Further, Commerce One and SAP, while busy integrating their technologies, have barely begun to crest the collaborative design and manufacturing set of capabilities. We believe the pair will offer some capabilities by the second half of the year, but they will not be as specialized or sophisticated as those provided by Agile.
The purchase also gives Ariba an advantage against Oracle. Currently, this is the weak player in the Net marketplace in terms of functional offerings, but with its strong customer base throughout supply chains, Oracle could become a strong competitor if it purchases a middleware company. Agile is particularly popular with Oracle ERP (enterprise resource planning) users, making it an obvious candidate.
In purchasing Agile, we believe Ariba has taken decisive action to add key collaborative capabilities--not only within Agile's current vertical markets, but potentially for other manufacturing companies in the future--that enable it to compete better with Commerce One-SAP, i2 and Oracle in both the e-procurement and Net market arenas. Moreover, Agile's success in collaborative manufacturing gives it a strong capability set with which to attack private Net markets.

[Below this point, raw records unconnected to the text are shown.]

text \<open>The exponent counts the steps out of the c-th letter of P_{l,i}, through u, to the
  (D+1)-th vertex of the letter \<gamma>.\<close>

lemma funpow_T_shadow:
  fixes n D l i :: nat
  defines "L \<equiv> clen l" and "W \<equiv> P_word l (clen l) i"
  assumes l: "l = n + D" and z_X: "z \<in> X" and i: "1 \<le> i" "i \<le> l"
    and c: "c < length W" "W ! c = Some i" and p: "1 \<le> p" "p < clen l i"
    and z: "z (Suc l) = (i, word_len L (take c W) + p)"
    and split: "drop (Suc c) W = u @ \<gamma> # r"
    and bound: "word_len L (take c W) + p + (clen l i - p + word_len L u + D + 1) < clen (Suc l) i"
  shows "(T ^^ (clen l i - p + word_len L u + D + 1)) z n = shadow n \<gamma>"
proof -
  define J where "J = clen l i - p + word_len L u + D + 1"
  define q where "q = word_len L (take c W) + p"
  have lenW: "word_len L W = clen (Suc l) i"
    using clen_Suc_eq[of i l] i by (simp add: L_def W_def)
  have "length (letter_seg L (Some i)) = clen l i"
    using clen_ge_2[OF i] by (simp add: L_def)
  then have pos: "q + J = word_len L (take (Suc c) W) + (word_len L u + (D + 1))"
    using word_len_take_Suc[OF c(1)] c(2) p(2) by (simp add: q_def J_def)
  have "1 \<le> q" "q + J < clen (Suc l) i"
    using p(1) bound by (simp_all add: q_def J_def)
  then have "(T ^^ J) z (Suc l) = (i, q + J)"
    using funpow_T_along_cycle[OF z_X z[folded q_def]] by blast
  then have "(T ^^ J) z l = Ppath l L i ! (q + J)"
    using X_phi[OF funpow_T_in_X[OF z_X], of l J] phi_nonbase[of "q + J" l i] \<open>1 \<le> q\<close>
    by (simp add: L_def)
  also have "\<dots> = word_path L (u @ \<gamma> # r) ! (word_len L u + (D + 1))"
    unfolding pos Ppath_word_path L_def W_def[symmetric] split[symmetric]
    by (rule nth_word_path_drop) (use c(1) in simp)
  also have "\<dots> = word_path L (\<gamma> # r) ! (D + 1)"
    using nth_word_path_drop[of "length u" "u @ \<gamma> # r" L "D + 1"] by simp
  finally have at_l: "(T ^^ J) z l = word_path L (\<gamma> # r) ! (D + 1)" .
  have "is_word l (\<gamma> # r)"
    using is_word_drop[OF is_word_P_word[OF i(1), of l "clen l"], of "Suc c"] split
    by (simp add: W_def is_word_def)
  moreover have "D + 1 < word_len L (\<gamma> # r)"
    using bound pos lenW word_len_take_drop[of L W "Suc c"] split by (simp add: q_def J_def)
  ultimately have "proj_down D n ((T ^^ J) z (n + D)) = shadow n \<gamma>"
    using at_l proj_down_word_path_letter by (simp add: L_def l)
  then show ?thesis
    using proj_down_X[OF funpow_T_in_X[OF z_X], of D n J] by (simp add: J_def)
qed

Users will see a major shakeout in the next three years among commerce network service and software suppliers as the major players buy up the smaller, more function-oriented suppliers. Users must negotiate protection into their contracts, so that if their service or software vendor is bought out they still receive the service they need from the combined entity.
Meta Group analysts David Yockelson, David Cearley, Peter Burris, William Zachmann and Jack Gold contributed to this article.